- [Work item]
An exact transcript of all the records is required, with nothing left out.

- [Supplied material]
(* Let $n\ge7$ and $G\cong K_3\cup K_{1,n-4}$ (a graph on $n$ vertices). Then $q(\overline{G})=2$, and $\overline G$ has a matrix realization in $S(\overline G)$ with exactly two distinct eigenvalues that has the Strong Spectral Property.
   Context: $\overline G$ denotes the complement of $G$; $K_{1,n-4}$ is a star and $\cup$ is disjoint union. For a graph $H$ on $n$ vertices, $S(H)$ is the set of real symmetric matrices $A$ with $a_{ij}\ne0$ ($i\ne j$) iff $ij\in E(H)$, diagonal unrestricted, and $q(H)$ is the minimum number of distinct eigenvalues over $S(H)$. A symmetric $A$ has the Strong Spectral Property if the only symmetric $X$ with $A\circ X=O$, $I\circ X=O$, $AX=XA$ is $X=O$ ($\circ$ the entrywise product). *)

theory Defs
  imports Complex_Main
begin

text \<open>Graphs on the vertex set {0..<n} are given by an edge predicate
  E :: nat \<Rightarrow> nat \<Rightarrow> bool (only arguments < n matter).
  Real n x n matrices are functions nat \<Rightarrow> nat \<Rightarrow> real, only entries with
  indices < n matter.\<close>

definition mat_mult :: "nat \<Rightarrow> (nat \<Rightarrow> nat \<Rightarrow> real) \<Rightarrow> (nat \<Rightarrow> nat \<Rightarrow> real) \<Rightarrow> nat \<Rightarrow> nat \<Rightarrow> real" where
  "mat_mult n A B i j = (\<Sum>k<n. A i k * B k j)"

definition sym_mat :: "nat \<Rightarrow> (nat \<Rightarrow> nat \<Rightarrow> real) \<Rightarrow> bool" where
  "sym_mat n A \<longleftrightarrow> (\<forall>i<n. \<forall>j<n. A i j = A j i)"

definition S_graph :: "nat \<Rightarrow> (nat \<Rightarrow> nat \<Rightarrow> bool) \<Rightarrow> (nat \<Rightarrow> nat \<Rightarrow> real) set" where
  "S_graph n H = {A. sym_mat n A \<and> (\<forall>i<n. \<forall>j<n. i \<noteq> j \<longrightarrow> (A i j \<noteq> 0 \<longleftrightarrow> H i j))}"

- [Reply to the task]
(* Let $n\ge7$ and $G\cong K_3\cup K_{1,n-4}$ (a graph on $n$ vertices). Then $q(\overline{G})=2$, and $\overline G$ has a matrix realization in $S(\overline G)$ with exactly two distinct eigenvalues that has the Strong Spectral Property.
   Context: $\overline G$ denotes the complement of $G$; $K_{1,n-4}$ is a star and $\cup$ is disjoint union. For a graph $H$ on $n$ vertices, $S(H)$ is the set of real symmetric matrices $A$ with $a_{ij}\ne0$ ($i\ne j$) iff $ij\in E(H)$, diagonal unrestricted, and $q(H)$ is the minimum number of distinct eigenvalues over $S(H)$. A symmetric $A$ has the Strong Spectral Property if the only symmetric $X$ with $A\circ X=O$, $I\circ X=O$, $AX=XA$ is $X=O$ ($\circ$ the entrywise product). *)

theory Defs
  imports Complex_Main
begin

text \<open>Graphs on the vertex set {0..<n} are given by an edge predicate
  E :: nat \<Rightarrow> nat \<Rightarrow> bool (only arguments < n matter).
  Real n x n matrices are functions nat \<Rightarrow> nat \<Rightarrow> real, only entries with
  indices < n matter.\<close>

definition mat_mult :: "nat \<Rightarrow> (nat \<Rightarrow> nat \<Rightarrow> real) \<Rightarrow> (nat \<Rightarrow> nat \<Rightarrow> real) \<Rightarrow> nat \<Rightarrow> nat \<Rightarrow> real" where
  "mat_mult n A B i j = (\<Sum>k<n. A i k * B k j)"

definition sym_mat :: "nat \<Rightarrow> (nat \<Rightarrow> nat \<Rightarrow> real) \<Rightarrow> bool" where
  "sym_mat n A \<longleftrightarrow> (\<forall>i<n. \<forall>j<n. A i j = A j i)"

definition S_graph :: "nat \<Rightarrow> (nat \<Rightarrow> nat \<Rightarrow> bool) \<Rightarrow> (nat \<Rightarrow> nat \<Rightarrow> real) set" where
  "S_graph n H = {A. sym_mat n A \<and> (\<forall>i<n. \<forall>j<n. i \<noteq> j \<longrightarrow> (A i j \<noteq> 0 \<longleftrightarrow> H i j))}"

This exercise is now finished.